Muzulman (also mussulman, literally, Muslim; also Gamel and Krypel) was a term used among prisoners of German World War II Nazi concentration camps to refer to prisoners suffering from extreme stages of starvation, dubbed hunger disease by survivors. Often it refers to an extremely emaciated person often entirely detached from the outside world.

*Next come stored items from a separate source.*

(* Let $\mu$ be a positive Radon measure on $\mathbb{R}^d$ (not assumed to satisfy any growth condition or doubling condition), let $1 \le q < p < \infty$, and let $k>1$ and $\beta>1$ be fixed with $\beta > k^{\frac{dpq}{p-q}}$. Then there is a constant $C>0$ such that for all $f \in \mathcal{M}^p_q(\mu)$, \[ C^{-1}\,\| f \, : \, \mathcal{M}^p_q(\mu)\|_d \le \| f \, : \, \mathcal{M}^p_q(\mu)\| \le C\,\| f \, : \, \mathcal{M}^p_q(\mu)\|_d . \]
   Context: A "cube" $Q\subset\mathbb{R}^d$ is a closed cube with sides parallel to the axes; $Q(x,l)$ is the cube centered at $x$ with side length $l$, and for $\rho>0$, $\rho Q$ is the cube concentric with $Q$ with side length $\rho$ times that of $Q$. $\mathcal{Q}(\mu)$ is the set of all cubes $Q$ with $\mu(Q)>0$; if $\mu$ is finite, $\mathbb{R}^d$ is also included in $\mathcal{Q}(\mu)$. For $1\le q\le p<\infty$ and $f\in L^1_{loc}(\mu)$, \[ \| f \, : \, \mathcal{M}^p_q(\mu)\| := \sup_{Q \in \mathcal{Q}(\mu)} \mu(2Q)^{\frac{1}{p}-\frac{1}{q}} \Big(\int_Q|f|^q\,d\mu\Big)^{\frac{1}{q}}, \] and $\mathcal{M}^p_q(\mu)$ is the space of $f$ for which this is finite. A cube $Q\in\mathcal{Q}(\mu)$ is called $(k,\beta)$-doubling if $\mu(kQ)\le \beta\,\mu(Q)$; $\mathcal{Q}(\mu;k,\beta)$ denotes the set of all $(k,\beta)$-doubling cubes in $\mathcal{Q}(\mu)$, and \[ \|f \, : \, \mathcal{M}^p_q(\mu)\|_d := \sup_{Q \in \mathcal{Q}(\mu;k,\beta)} \mu(Q)^{\frac{1}{p}-\frac{1}{q}} \Big(\int_Q |f(y)|^q\,d\mu(y)\Big)^{\frac{1}{q}}. \] *)

theory Defs
  imports "HOL-Analysis.Analysis"
begin

definition cube :: "'a::euclidean_space \<Rightarrow> real \<Rightarrow> 'a set" where
  "cube x l = cbox (x - (l/2) *\<^sub>R One) (x + (l/2) *\<^sub>R One)"

definition radon_measure :: "'a::euclidean_space measure \<Rightarrow> bool" where
  "radon_measure M \<longleftrightarrow> sets M = sets borel \<and> (\<forall>K. compact K \<longrightarrow> emeasure M K < \<infinity>)"

definition L1_loc :: "'a::euclidean_space measure \<Rightarrow> ('a \<Rightarrow> real) set" where
  "L1_loc M = {f. f \<in> borel_measurable M \<and> (\<forall>K. compact K \<longrightarrow> set_integrable M K f)}"

definition enn_pow :: "real \<Rightarrow> ennreal \<Rightarrow> ereal" where
  "enn_pow r x = (if x = \<infinity> then \<infinity> else ereal (enn2real x powr r))"

definition morrey_term :: "'a measure \<Rightarrow> real \<Rightarrow> real \<Rightarrow> ('a \<Rightarrow> real) \<Rightarrow> 'a set \<Rightarrow> 'a set \<Rightarrow> ereal" where
  "morrey_term M p q f B Q =
     ereal (measure M B powr (1/p - 1/q)) *
     enn_pow (1/q) (\<integral>\<^sup>+ y. ennreal (\<bar>f y\<bar> powr q) * indicator Q y \<partial>M)"

definition pos_cubes :: "'a::euclidean_space measure \<Rightarrow> ('a \<times> real) set" where
  "pos_cubes M = {(x, l). l > 0 \<and> emeasure M (cube x l) > 0}"

definition doubling_cubes :: "'a::euclidean_space measure \<Rightarrow> real \<Rightarrow> real \<Rightarrow> ('a \<times> real) set" where
  "doubling_cubes M k \<beta> = {(x, l). (x, l) \<in> pos_cubes M \<and>
      emeasure M (cube x (k * l)) \<le> ennreal \<beta> * emeasure M (cube x l)}"

text \<open>Morrey norm. The whole space R^d belongs to Q(\<mu>) iff \<mu> is finite; then 2R^d = R^d.\<close>
definition morrey_norm :: "'a::euclidean_space measure \<Rightarrow> real \<Rightarrow> real \<Rightarrow> ('a \<Rightarrow> real) \<Rightarrow> ereal" where
  "morrey_norm M p q f =
     sup (SUP (x, l) \<in> pos_cubes M. morrey_term M p q f (cube x (2 * l)) (cube x l))
         (if emeasure M UNIV < \<infinity> then morrey_term M p q f UNIV UNIV else 0)"

text \<open>Morrey norm taken over (k,\<beta>)-doubling cubes (R^d is trivially doubling since kR^d = R^d).\<close>
definition morrey_norm_d :: "'a::euclidean_space measure \<Rightarrow> real \<Rightarrow> real \<Rightarrow> real \<Rightarrow> real \<Rightarrow> ('a \<Rightarrow> real) \<Rightarrow> ereal" where
  "morrey_norm_d M k \<beta> p q f =
     sup (SUP (x, l) \<in> doubling_cubes M k \<beta>. morrey_term M p q f (cube x l) (cube x l))
         (if emeasure M UNIV < \<infinity> then morrey_term M p q f UNIV UNIV else 0)"

definition morrey_space :: "'a::euclidean_space measure \<Rightarrow> real \<Rightarrow> real \<Rightarrow> ('a \<Rightarrow> real) set" where
  "morrey_space M p q = {f \<in> L1_loc M. morrey_norm M p q f < \<infinity>}"

end

theory Submission
  imports Defs
begin

text \<open>Let \<open>\<nu>\<close> be the measure with density \<open>|f|\<^sup>q\<close>, so that a Morrey term is at most \<open>t\<close>
  iff \<open>\<nu>(Q) \<le> t\<^sup>q \<mu>(B)\<^sup>a\<close> with \<open>a = 1 - q/p\<close>. A \<open>(k,\<beta>)\<close>-doubling cube \<open>Q\<close> is covered by
  boundedly many cubes whose doubles lie in \<open>kQ\<close>, and \<open>\<mu>(kQ) \<le> \<beta> \<mu>(Q)\<close>; this bounds the norm
  over doubling cubes by the full norm. Conversely, for an arbitrary cube \<open>Q = Q(x,l)\<close> and
  \<open>y \<in> Q\<close>, shrink \<open>Q(y,l)\<close> by factors of \<open>k\<close> until it is doubling. If this first happens at
  step \<open>j\<close>, the non-doubling steps before force \<open>\<mu>(Q(y, l k\<^sup>-\<^sup>j)) \<le> \<beta>\<^sup>1\<^sup>-\<^sup>j \<mu>(2Q)\<close>, and
  about \<open>k\<^sup>d\<^sup>j\<close> such cubes cover the points stopping at step \<open>j\<close>. Summing over \<open>j\<close> gives a
  geometric series of ratio \<open>k\<^sup>d / \<beta>\<^sup>a\<close>, which is \<open>< 1\<close> exactly by the hypothesis on \<open>\<beta>\<close>;
  the points that never stop form a \<open>\<mu>\<close>-null set by the same count, as \<open>k\<^sup>d < \<beta>\<close>.\<close>

lemma mem_cube: "z \<in> cube x l \<longleftrightarrow> (\<forall>b\<in>Basis. \<bar>z \<bullet> b - x \<bullet> b\<bar> \<le> l/2)"
proof -
  have "((x - (l/2) *\<^sub>R One) \<bullet> b \<le> z \<bullet> b \<and> z \<bullet> b \<le> (x + (l/2) *\<^sub>R One) \<bullet> b)
          \<longleftrightarrow> \<bar>z \<bullet> b - x \<bullet> b\<bar> \<le> l/2" if "b \<in> Basis" for b
    using that by (cases "z \<bullet> b \<le> x \<bullet> b"; simp add: inner_diff_left inner_add_left abs_if; linarith)
  then show ?thesis unfolding cube_def mem_box by blast
qed

lemma cube_subset_cube:
  assumes "y \<in> cube x u" "u + s \<le> L"
  shows "cube y s \<subseteq> cube x L"
proof
  fix z assume "z \<in> cube y s"
  then have "\<forall>b\<in>Basis. \<bar>z \<bullet> b - y \<bullet> b\<bar> \<le> s/2" by (simp add: mem_cube)
  moreover have "\<forall>b\<in>Basis. \<bar>y \<bullet> b - x \<bullet> b\<bar> \<le> u/2" using assms(1) by (simp add: mem_cube)
  ultimately show "z \<in> cube x L" unfolding mem_cube using assms(2)
    by (smt (verit, best) field_sum_of_halves)
qed

lemma cube_mono: "s \<le> s' \<Longrightarrow> cube y s \<subseteq> cube y s'"
  by (auto simp: mem_cube) (smt (verit))

lemma closed_cube: "closed (cube x l)"
  unfolding cube_def by (rule closed_cbox)

lemma compact_cube: "compact (cube x l)"
  unfolding cube_def by (rule compact_cbox)

lemma abs_diff_le_if_floor_divide_eq:
  fixes u v h :: real
  assumes "0 < h" "\<lfloor>u / h\<rfloor> = \<lfloor>v / h\<rfloor>"
  shows "\<bar>u - v\<bar> \<le> h"
proof -
  have "\<bar>u/h - v/h\<bar> \<le> 1"
    using assms(2) floor_correct[of "u/h"] floor_correct[of "v/h"] by linarith
  then have "\<bar>u - v\<bar> / h \<le> 1"
    using assms(1) by (simp add: diff_divide_distrib[symmetric])
  then show ?thesis using assms(1) by (simp add: divide_le_eq)
qed

lemma floor_divide_mem_range:
  fixes u l h :: real
  assumes "0 < h" "0 \<le> u" "u \<le> l"
  shows "\<lfloor>u / h\<rfloor> \<in> {0..\<lceil>l / h\<rceil>}"
proof -
  have "0 \<le> u / h" "u / h \<le> l / h" using assms by (simp_all add: divide_right_mono)
  moreover have "\<lfloor>u / h\<rfloor> \<le> \<lceil>l / h\<rceil>"
    using floor_mono[OF calculation(2)] floor_le_ceiling[of "l/h"] by linarith
  ultimately show ?thesis by simp
qed

lemma finite_cover_from_index:
  assumes "g ` S \<subseteq> P" "finite P"
    and close: "\<And>y z. y \<in> S \<Longrightarrow> z \<in> S \<Longrightarrow> g y = g z \<Longrightarrow> z \<in> C y"
  shows "\<exists>F. finite F \<and> F \<subseteq> S \<and> card F \<le> card P \<and> S \<subseteq> (\<Union>y\<in>F. C y)"
proof -
  define pick where "pick i = (SOME z. z \<in> S \<and> g z = i)" for i
  define F where "F = pick ` g ` S"
  have pick: "pick (g z) \<in> S \<and> g (pick (g z)) = g z" if "z \<in> S" for z
    unfolding pick_def by (rule someI[of _ z]) (use that in auto)
  have fin: "finite (g ` S)" using assms(1,2) by (rule finite_subset)
  have "finite F" unfolding F_def using fin by simp
  moreover have "F \<subseteq> S" unfolding F_def using pick by auto
  moreover have "card F \<le> card P"
    unfolding F_def using card_image_le[OF fin, of pick] card_mono[OF assms(2,1)] by linarith
  moreover have "S \<subseteq> (\<Union>y\<in>F. C y)"
  proof
    fix z assume z: "z \<in> S"
    then have "z \<in> C (pick (g z))" using pick[OF z] by (intro close) auto
    then show "z \<in> (\<Union>y\<in>F. C y)" unfolding F_def using z by blast
  qed
  ultimately show ?thesis by blast
qed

The term itself was a loan word from the Polish language term Muzułmanin, a standard noun for Muslim people, and was most probably coined because people in the final stages of muzulmanisation were almost unable to move and spent much of their time cringing in a position similar to the one adopted by Muslim people during their prayers. The term spread from Auschwitz-Birkenau to other places of detention; its equivalent in Majdanek concentration camp was Gamel (derived from German Gammeln - colloquial for "rotting") and in Stutthof concentration camp krypel (derived from German Krüppel, "cripple").

The opposite of this condition is represented in Viktor Frankl's Man's Search for Meaning. A prisoner who decides to use up his last cigarettes (used as currency in the concentration camps) in the evening because he knows he won't last to the appeal the next morning is derided as muselmann by his inmates.

Frankl parallels this with the Kapos as another example where the desperate conditions in the camps like famine and forced labor can bring out the worst in each individual.